Various medications and therapies have proven to be effective. They target the underlying factors that contribute to acne. You might require at least one or multiple, depending on the severity of your condition. Medications Applied Topically:
Benzoyl peroxide is an over-the-counter product as a leave-on gel or wash. It targets surface bacteria, which often aggravates acne. Irritation (dryness) is a common side effect. Lower concentrations and also wash formulations are less irritating to your skin.
Salicylic acid is available over-the-counter for acne as a cleanser or lotion. Salicylic acid dissolves dead skin cells to prevent your hair follicles from clogging. It helps remove the top layer of damaged skin. Azelaic acid is a natural acid found in various grains such as barley, wheat and rye. It kills microorganisms on the skin and reduces swelling.

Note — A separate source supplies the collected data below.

lemma diag_quad_zero [simp]: "diag_quad a 0 = 0"
  by (simp add: diag_quad_def)

lemma diag_quad_scaleR: "diag_quad a (c *\<^sub>R v) = c^2 * diag_quad a v"
  by (simp add: diag_quad_def sum_distrib_left power_mult_distrib algebra_simps)

lemma herm_zero_left [simp]: "herm 0 q = 0"
  by (simp add: herm_def)

lemma herm_scaleR_left: "herm (c *\<^sub>R v) q = c *\<^sub>R herm v q"
  by (simp add: herm_def scaleR_sum_right)

lemma norm_add_herm_le: "cmod (z + herm v q) \<le> cmod z + (\<Sum>i\<in>UNIV. cmod (v $ i) * cmod (q $ i))"
proof -
  have "cmod (herm v q) \<le> (\<Sum>i\<in>UNIV. cmod (v $ i) * cmod (q $ i))"
    unfolding herm_def using norm_sum[of "\<lambda>i. cnj (v $ i) * q $ i" UNIV]
    by (simp add: norm_mult)
  then show ?thesis
    using norm_triangle_ineq[of z "herm v q"] by linarith
qed

lemma snr_nonneg: "0 \<le> p \<Longrightarrow> 0 < \<sigma>2 \<Longrightarrow> 0 \<le> \<sigma>r2 \<Longrightarrow> 0 \<le> snr \<sigma>2 \<sigma>r2 g z q p v"
  unfolding snr_def using diag_quad_nonneg[of g v] by (intro divide_nonneg_pos add_pos_nonneg) auto

lemma snr_zero_beam: "snr \<sigma>2 \<sigma>r2 g z q p 0 = p * (cmod z)^2 / \<sigma>2"
  by (simp add: snr_def)

text \<open>Co-phasing of the reflected paths with the direct path z. Since cis (Arg 0) = 1, no
  nonvanishing assumption on z or on the entries of q is needed.\<close>

definition aligned_beam :: "complex \<Rightarrow> complex^'n \<Rightarrow> complex^'n \<Rightarrow> complex^'n"
  where "aligned_beam z q v = (\<chi> i. of_real (cmod (v $ i)) * cnj (cis (Arg z)) * cis (Arg (q $ i)))"

lemma norm_aligned_beam_nth [simp]: "cmod (aligned_beam z q v $ i) = cmod (v $ i)"
  by (simp add: aligned_beam_def norm_mult)

lemma diag_quad_aligned_beam [simp]: "diag_quad a (aligned_beam z q v) = diag_quad a v"
  by (simp add: diag_quad_def)

lemma norm_aligned_beam [simp]: "norm (aligned_beam z q v) = norm v"
  by (simp add: norm_vec_def)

Antibiotics control surface bacteria that aggravate and often encourage the swelling of acne. Antibiotics are more effective when combined with benzoyl peroxide. A topical gel, so which also has antibacterial properties, can use to inflame acne. It’s applied to the skin twice a day.
Topical Treatment of Acne
Oral contraceptives can help with breakouts associated with menstrual cycles. The FDA has approved three classes of medications for acne patients Ortho
Isotretinoin, an oral retinoid, is incredibly effective drug use only for the most severe cases of acne. Isotretinoin shrinks the size of oil glands, which contributes to acne formation. The most common side effect is dryness, but it can also cause congenital disabilities. Some evidence suggests a possible increased risk of ulcerative colitis and depression. Because of these risks, anyone using the drug must take part in a Food and Drug Administration-approved risk management program known as I Pledge.
See your healthcare provider as soon as you notice the pimples so that you can start treatment immediately before scarring occurs. Acne is the most common of all skin conditions and can have a profound psychosocial impact.
Many topical and also oral acne treatments contraindicate during pregnancy. If you’re a woman in your childbearing years, it’s essential to discuss acne treatments with your healthcare provider and also alert them if you become pregnant. Isotretinoin is known to cause severe congenital disabilities and also, therefore, two methods of birth control require while on this medication.